Prompt:
First find the line with "using circ_dist_close_imp_int_translate_close[OF \<Phi>" in the entries below, then set down exactly every line through the line with "using Ints_diff[OF \<Psi>(2)", that line included.

━━━━━━━━

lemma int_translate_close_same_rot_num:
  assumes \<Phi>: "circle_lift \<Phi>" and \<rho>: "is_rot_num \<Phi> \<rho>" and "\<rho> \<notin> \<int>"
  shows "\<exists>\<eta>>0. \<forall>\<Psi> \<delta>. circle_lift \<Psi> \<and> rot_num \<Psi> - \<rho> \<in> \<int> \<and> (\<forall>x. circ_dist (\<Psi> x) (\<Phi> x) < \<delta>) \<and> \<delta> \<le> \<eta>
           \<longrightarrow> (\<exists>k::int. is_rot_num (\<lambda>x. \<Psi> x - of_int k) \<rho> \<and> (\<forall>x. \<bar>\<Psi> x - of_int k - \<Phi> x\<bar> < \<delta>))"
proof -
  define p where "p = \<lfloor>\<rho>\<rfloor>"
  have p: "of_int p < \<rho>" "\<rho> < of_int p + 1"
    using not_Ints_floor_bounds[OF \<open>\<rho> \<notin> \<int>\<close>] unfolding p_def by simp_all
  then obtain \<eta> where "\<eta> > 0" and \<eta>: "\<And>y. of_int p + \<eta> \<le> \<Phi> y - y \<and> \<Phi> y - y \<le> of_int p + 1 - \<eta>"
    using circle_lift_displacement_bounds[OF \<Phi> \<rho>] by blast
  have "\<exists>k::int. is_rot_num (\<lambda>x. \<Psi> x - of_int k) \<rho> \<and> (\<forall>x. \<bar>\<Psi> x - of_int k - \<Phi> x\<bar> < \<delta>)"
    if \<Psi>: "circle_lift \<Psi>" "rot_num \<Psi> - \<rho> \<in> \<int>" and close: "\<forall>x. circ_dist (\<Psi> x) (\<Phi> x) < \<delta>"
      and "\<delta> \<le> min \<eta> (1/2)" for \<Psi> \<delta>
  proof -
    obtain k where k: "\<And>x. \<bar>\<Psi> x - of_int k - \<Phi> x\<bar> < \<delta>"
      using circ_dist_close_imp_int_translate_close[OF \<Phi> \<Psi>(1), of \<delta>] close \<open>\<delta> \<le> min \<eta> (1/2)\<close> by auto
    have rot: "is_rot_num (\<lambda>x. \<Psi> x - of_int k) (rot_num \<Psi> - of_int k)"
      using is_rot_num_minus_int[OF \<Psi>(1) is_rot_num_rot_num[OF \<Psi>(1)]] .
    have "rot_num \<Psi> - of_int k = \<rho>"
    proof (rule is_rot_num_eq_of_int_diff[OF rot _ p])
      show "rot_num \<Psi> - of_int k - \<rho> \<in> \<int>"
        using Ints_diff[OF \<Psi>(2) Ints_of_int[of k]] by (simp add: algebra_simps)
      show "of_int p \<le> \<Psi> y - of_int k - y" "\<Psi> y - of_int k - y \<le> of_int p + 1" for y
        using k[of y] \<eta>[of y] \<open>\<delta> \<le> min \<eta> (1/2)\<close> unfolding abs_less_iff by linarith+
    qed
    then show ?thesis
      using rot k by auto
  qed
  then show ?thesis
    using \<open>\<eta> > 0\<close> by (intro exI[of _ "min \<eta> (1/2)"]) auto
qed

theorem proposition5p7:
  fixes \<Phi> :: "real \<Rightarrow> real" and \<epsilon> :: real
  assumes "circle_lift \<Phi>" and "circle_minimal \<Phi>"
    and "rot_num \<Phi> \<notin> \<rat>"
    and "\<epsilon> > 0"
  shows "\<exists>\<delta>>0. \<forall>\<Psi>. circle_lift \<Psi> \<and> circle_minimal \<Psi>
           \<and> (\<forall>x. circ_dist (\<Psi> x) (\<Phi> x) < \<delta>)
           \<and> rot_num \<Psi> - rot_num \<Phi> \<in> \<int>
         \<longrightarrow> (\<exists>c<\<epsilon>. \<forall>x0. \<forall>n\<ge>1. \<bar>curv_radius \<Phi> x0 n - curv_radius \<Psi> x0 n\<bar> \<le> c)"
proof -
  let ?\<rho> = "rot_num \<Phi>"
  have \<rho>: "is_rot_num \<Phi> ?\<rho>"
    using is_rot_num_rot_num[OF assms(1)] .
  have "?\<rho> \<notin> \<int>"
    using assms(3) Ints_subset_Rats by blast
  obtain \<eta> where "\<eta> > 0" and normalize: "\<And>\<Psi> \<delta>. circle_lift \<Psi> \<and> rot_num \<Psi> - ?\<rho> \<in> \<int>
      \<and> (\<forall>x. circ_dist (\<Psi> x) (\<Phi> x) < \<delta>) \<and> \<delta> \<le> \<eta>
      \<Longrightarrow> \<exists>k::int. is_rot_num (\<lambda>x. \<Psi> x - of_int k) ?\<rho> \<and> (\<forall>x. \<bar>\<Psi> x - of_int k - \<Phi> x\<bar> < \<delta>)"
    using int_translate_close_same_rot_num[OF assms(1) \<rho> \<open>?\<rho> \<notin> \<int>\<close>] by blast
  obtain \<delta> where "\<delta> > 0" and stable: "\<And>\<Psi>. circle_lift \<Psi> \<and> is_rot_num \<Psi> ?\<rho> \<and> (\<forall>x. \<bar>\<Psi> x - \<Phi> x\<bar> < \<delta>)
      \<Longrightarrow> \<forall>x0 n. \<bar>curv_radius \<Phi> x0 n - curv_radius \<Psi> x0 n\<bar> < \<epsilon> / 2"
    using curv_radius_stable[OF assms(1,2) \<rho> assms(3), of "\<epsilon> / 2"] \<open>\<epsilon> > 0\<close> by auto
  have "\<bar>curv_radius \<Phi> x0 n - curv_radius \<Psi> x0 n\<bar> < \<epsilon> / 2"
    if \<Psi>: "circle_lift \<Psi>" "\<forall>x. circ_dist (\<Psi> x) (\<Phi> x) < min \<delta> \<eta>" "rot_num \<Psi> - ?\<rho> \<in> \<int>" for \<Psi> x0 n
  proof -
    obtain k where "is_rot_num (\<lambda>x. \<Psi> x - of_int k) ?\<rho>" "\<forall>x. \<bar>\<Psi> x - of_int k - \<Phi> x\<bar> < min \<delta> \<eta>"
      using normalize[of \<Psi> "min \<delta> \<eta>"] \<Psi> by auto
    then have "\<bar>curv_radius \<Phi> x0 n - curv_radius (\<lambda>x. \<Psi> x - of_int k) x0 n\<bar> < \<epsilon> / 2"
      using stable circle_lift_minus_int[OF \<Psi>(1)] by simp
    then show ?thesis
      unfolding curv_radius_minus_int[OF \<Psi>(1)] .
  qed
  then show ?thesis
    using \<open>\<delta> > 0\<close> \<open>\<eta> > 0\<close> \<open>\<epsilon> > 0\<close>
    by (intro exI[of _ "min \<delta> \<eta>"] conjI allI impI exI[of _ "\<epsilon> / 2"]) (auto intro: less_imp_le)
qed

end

━━━━━━━━

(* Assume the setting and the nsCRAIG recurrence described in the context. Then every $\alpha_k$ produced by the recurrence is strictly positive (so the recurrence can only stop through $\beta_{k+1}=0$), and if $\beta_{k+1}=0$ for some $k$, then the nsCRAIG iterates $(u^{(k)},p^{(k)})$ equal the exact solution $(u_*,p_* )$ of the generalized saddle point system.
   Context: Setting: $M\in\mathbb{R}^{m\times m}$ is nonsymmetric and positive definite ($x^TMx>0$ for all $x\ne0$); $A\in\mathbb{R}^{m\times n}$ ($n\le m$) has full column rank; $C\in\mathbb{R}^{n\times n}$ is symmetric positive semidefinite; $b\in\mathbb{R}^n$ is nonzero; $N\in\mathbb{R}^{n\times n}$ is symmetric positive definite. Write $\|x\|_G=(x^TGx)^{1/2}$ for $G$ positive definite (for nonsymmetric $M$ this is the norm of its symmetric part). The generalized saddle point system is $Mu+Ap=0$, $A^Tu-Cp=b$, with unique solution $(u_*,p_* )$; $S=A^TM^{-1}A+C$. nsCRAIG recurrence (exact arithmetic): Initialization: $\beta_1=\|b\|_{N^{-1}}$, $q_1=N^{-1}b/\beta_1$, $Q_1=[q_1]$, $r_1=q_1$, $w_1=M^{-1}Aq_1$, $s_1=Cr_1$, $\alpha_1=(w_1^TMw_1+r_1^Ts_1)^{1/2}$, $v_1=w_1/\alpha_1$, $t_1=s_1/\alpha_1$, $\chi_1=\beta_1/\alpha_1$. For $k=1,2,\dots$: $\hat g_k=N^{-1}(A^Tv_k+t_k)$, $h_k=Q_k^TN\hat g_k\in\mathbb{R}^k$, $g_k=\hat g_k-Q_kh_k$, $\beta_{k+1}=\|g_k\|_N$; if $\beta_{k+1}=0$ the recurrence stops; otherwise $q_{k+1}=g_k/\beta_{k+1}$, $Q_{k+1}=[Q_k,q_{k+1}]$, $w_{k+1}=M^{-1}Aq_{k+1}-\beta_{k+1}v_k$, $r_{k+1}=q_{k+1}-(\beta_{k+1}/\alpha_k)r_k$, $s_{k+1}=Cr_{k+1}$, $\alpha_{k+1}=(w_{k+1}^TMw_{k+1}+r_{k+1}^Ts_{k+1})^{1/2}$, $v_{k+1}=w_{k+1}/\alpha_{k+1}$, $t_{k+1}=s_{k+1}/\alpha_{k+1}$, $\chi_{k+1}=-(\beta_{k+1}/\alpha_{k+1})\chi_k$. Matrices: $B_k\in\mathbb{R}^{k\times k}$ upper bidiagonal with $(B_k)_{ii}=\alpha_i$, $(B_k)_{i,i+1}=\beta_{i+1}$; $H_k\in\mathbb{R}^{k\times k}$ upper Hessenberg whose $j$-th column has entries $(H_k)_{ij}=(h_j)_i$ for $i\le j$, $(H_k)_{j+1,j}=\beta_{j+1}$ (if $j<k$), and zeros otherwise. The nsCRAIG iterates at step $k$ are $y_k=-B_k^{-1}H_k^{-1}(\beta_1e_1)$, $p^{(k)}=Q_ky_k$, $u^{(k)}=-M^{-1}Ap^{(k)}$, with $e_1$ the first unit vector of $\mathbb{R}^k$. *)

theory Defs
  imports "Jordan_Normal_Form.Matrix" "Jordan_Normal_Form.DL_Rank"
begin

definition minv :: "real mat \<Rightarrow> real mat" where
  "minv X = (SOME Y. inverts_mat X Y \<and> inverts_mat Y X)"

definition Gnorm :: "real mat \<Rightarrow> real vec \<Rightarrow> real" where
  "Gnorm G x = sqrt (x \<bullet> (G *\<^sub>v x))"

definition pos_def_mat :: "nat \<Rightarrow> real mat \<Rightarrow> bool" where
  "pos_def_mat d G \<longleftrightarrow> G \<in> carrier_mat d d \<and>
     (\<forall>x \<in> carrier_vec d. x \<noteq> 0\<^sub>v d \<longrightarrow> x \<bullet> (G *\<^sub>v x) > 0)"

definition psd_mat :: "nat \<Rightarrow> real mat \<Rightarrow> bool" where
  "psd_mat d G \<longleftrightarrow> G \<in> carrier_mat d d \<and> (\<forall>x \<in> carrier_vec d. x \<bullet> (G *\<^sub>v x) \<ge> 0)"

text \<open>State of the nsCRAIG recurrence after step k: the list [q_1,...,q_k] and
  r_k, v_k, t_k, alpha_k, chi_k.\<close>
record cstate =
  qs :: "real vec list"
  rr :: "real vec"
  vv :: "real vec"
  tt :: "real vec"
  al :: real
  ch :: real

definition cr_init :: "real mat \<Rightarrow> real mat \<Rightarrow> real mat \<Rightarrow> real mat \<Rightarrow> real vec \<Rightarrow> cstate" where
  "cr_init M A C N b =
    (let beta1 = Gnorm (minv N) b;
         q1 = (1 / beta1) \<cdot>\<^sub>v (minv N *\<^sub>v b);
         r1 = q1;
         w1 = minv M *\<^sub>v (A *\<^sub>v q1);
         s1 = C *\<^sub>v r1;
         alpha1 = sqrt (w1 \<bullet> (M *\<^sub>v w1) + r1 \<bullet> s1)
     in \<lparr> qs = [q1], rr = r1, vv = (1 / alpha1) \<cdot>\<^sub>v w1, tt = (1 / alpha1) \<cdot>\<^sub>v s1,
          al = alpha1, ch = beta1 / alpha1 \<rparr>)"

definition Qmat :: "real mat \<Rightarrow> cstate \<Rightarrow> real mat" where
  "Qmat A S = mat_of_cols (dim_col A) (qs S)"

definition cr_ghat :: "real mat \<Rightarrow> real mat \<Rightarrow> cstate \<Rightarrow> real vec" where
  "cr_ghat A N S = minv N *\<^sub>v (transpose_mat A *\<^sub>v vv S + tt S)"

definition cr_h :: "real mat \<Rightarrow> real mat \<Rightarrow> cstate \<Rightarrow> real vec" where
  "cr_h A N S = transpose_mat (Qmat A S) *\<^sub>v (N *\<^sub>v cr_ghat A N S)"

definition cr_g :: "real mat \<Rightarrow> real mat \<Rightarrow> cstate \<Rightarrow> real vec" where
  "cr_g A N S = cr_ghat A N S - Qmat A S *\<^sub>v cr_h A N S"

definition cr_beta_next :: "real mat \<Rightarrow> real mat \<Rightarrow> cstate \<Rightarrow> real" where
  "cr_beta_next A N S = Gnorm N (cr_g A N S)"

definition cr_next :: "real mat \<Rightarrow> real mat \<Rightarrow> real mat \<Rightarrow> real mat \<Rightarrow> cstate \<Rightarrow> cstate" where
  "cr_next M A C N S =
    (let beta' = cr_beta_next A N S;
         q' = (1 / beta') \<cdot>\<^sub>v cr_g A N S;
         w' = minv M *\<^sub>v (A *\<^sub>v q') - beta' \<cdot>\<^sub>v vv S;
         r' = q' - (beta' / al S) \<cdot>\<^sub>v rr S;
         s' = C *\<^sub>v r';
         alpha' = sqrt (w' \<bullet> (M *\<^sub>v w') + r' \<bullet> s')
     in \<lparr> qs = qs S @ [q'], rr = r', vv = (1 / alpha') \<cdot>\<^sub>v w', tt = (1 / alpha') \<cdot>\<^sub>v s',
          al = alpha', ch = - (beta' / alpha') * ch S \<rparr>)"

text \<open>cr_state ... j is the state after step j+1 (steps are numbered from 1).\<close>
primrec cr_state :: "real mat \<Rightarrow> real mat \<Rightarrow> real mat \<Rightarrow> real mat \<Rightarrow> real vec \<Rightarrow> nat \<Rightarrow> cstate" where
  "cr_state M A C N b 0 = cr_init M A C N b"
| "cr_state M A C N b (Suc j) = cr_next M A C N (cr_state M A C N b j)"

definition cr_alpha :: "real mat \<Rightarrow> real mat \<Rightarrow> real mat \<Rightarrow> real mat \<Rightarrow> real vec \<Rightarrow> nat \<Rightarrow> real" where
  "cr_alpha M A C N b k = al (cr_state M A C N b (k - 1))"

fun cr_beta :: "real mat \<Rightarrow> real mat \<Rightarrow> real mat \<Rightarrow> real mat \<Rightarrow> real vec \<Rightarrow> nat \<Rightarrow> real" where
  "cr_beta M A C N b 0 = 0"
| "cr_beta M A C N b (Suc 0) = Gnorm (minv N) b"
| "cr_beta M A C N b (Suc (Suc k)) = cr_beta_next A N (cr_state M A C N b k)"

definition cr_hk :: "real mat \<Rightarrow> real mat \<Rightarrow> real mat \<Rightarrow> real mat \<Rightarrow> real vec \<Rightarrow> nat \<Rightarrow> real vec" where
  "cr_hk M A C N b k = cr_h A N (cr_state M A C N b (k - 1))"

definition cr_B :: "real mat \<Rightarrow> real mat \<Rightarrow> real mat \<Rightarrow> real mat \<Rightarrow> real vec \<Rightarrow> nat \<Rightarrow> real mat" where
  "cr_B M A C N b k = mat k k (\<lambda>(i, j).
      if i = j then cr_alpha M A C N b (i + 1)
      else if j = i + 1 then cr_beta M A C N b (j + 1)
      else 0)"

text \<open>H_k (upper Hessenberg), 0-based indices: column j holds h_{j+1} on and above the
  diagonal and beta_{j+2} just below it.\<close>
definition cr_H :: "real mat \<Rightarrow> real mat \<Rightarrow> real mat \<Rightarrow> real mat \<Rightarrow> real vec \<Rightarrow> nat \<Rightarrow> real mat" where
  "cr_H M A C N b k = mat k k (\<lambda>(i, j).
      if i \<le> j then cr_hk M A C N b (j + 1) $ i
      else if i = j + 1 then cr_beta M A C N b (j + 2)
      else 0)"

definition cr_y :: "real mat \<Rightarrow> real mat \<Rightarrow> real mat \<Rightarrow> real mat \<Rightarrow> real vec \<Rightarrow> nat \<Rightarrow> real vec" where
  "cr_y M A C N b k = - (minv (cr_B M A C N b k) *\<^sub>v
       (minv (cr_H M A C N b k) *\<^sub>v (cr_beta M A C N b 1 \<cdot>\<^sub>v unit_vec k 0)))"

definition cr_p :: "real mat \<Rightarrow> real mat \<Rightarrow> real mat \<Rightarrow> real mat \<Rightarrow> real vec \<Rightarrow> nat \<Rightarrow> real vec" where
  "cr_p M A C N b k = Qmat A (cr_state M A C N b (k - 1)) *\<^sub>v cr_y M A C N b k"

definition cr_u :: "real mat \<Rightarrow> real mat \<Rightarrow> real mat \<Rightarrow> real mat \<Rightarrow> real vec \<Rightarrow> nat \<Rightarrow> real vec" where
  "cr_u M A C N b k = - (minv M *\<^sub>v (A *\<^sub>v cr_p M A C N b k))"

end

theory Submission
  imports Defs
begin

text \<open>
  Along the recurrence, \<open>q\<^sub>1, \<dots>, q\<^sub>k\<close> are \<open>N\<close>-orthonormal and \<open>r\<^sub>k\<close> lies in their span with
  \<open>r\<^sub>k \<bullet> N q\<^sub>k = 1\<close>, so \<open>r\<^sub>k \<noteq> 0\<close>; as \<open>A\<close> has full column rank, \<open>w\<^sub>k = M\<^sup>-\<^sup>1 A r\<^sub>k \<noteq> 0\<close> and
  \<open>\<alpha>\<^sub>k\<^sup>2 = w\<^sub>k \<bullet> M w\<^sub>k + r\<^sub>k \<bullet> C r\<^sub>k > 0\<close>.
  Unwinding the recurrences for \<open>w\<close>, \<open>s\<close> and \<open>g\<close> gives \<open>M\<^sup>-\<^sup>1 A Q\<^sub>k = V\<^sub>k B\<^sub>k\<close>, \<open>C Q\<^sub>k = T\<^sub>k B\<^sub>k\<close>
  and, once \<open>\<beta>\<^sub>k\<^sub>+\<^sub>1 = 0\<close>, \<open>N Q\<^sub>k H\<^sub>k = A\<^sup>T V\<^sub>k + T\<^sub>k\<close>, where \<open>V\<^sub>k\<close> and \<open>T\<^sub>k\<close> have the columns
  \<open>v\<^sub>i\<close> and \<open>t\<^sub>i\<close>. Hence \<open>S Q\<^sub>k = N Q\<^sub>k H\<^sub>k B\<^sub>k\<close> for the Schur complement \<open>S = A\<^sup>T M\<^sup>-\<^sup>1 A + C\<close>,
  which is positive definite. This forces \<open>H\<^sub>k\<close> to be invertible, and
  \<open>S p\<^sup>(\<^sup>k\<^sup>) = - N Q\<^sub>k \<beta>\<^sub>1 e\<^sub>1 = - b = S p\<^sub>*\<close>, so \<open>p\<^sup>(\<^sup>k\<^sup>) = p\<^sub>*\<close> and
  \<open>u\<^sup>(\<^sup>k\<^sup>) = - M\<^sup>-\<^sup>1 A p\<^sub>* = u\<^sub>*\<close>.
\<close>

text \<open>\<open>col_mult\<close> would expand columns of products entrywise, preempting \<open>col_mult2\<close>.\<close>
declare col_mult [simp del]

━━━━━━━━

Answer:
      using circ_dist_close_imp_int_translate_close[OF \<Phi> \<Psi>(1), of \<delta>] close \<open>\<delta> \<le> min \<eta> (1/2)\<close> by auto
    have rot: "is_rot_num (\<lambda>x. \<Psi> x - of_int k) (rot_num \<Psi> - of_int k)"
      using is_rot_num_minus_int[OF \<Psi>(1) is_rot_num_rot_num[OF \<Psi>(1)]] .
    have "rot_num \<Psi> - of_int k = \<rho>"
    proof (rule is_rot_num_eq_of_int_diff[OF rot _ p])
      show "rot_num \<Psi> - of_int k - \<rho> \<in> \<int>"
        using Ints_diff[OF \<Psi>(2) Ints_of_int[of k]] by (simp add: algebra_simps)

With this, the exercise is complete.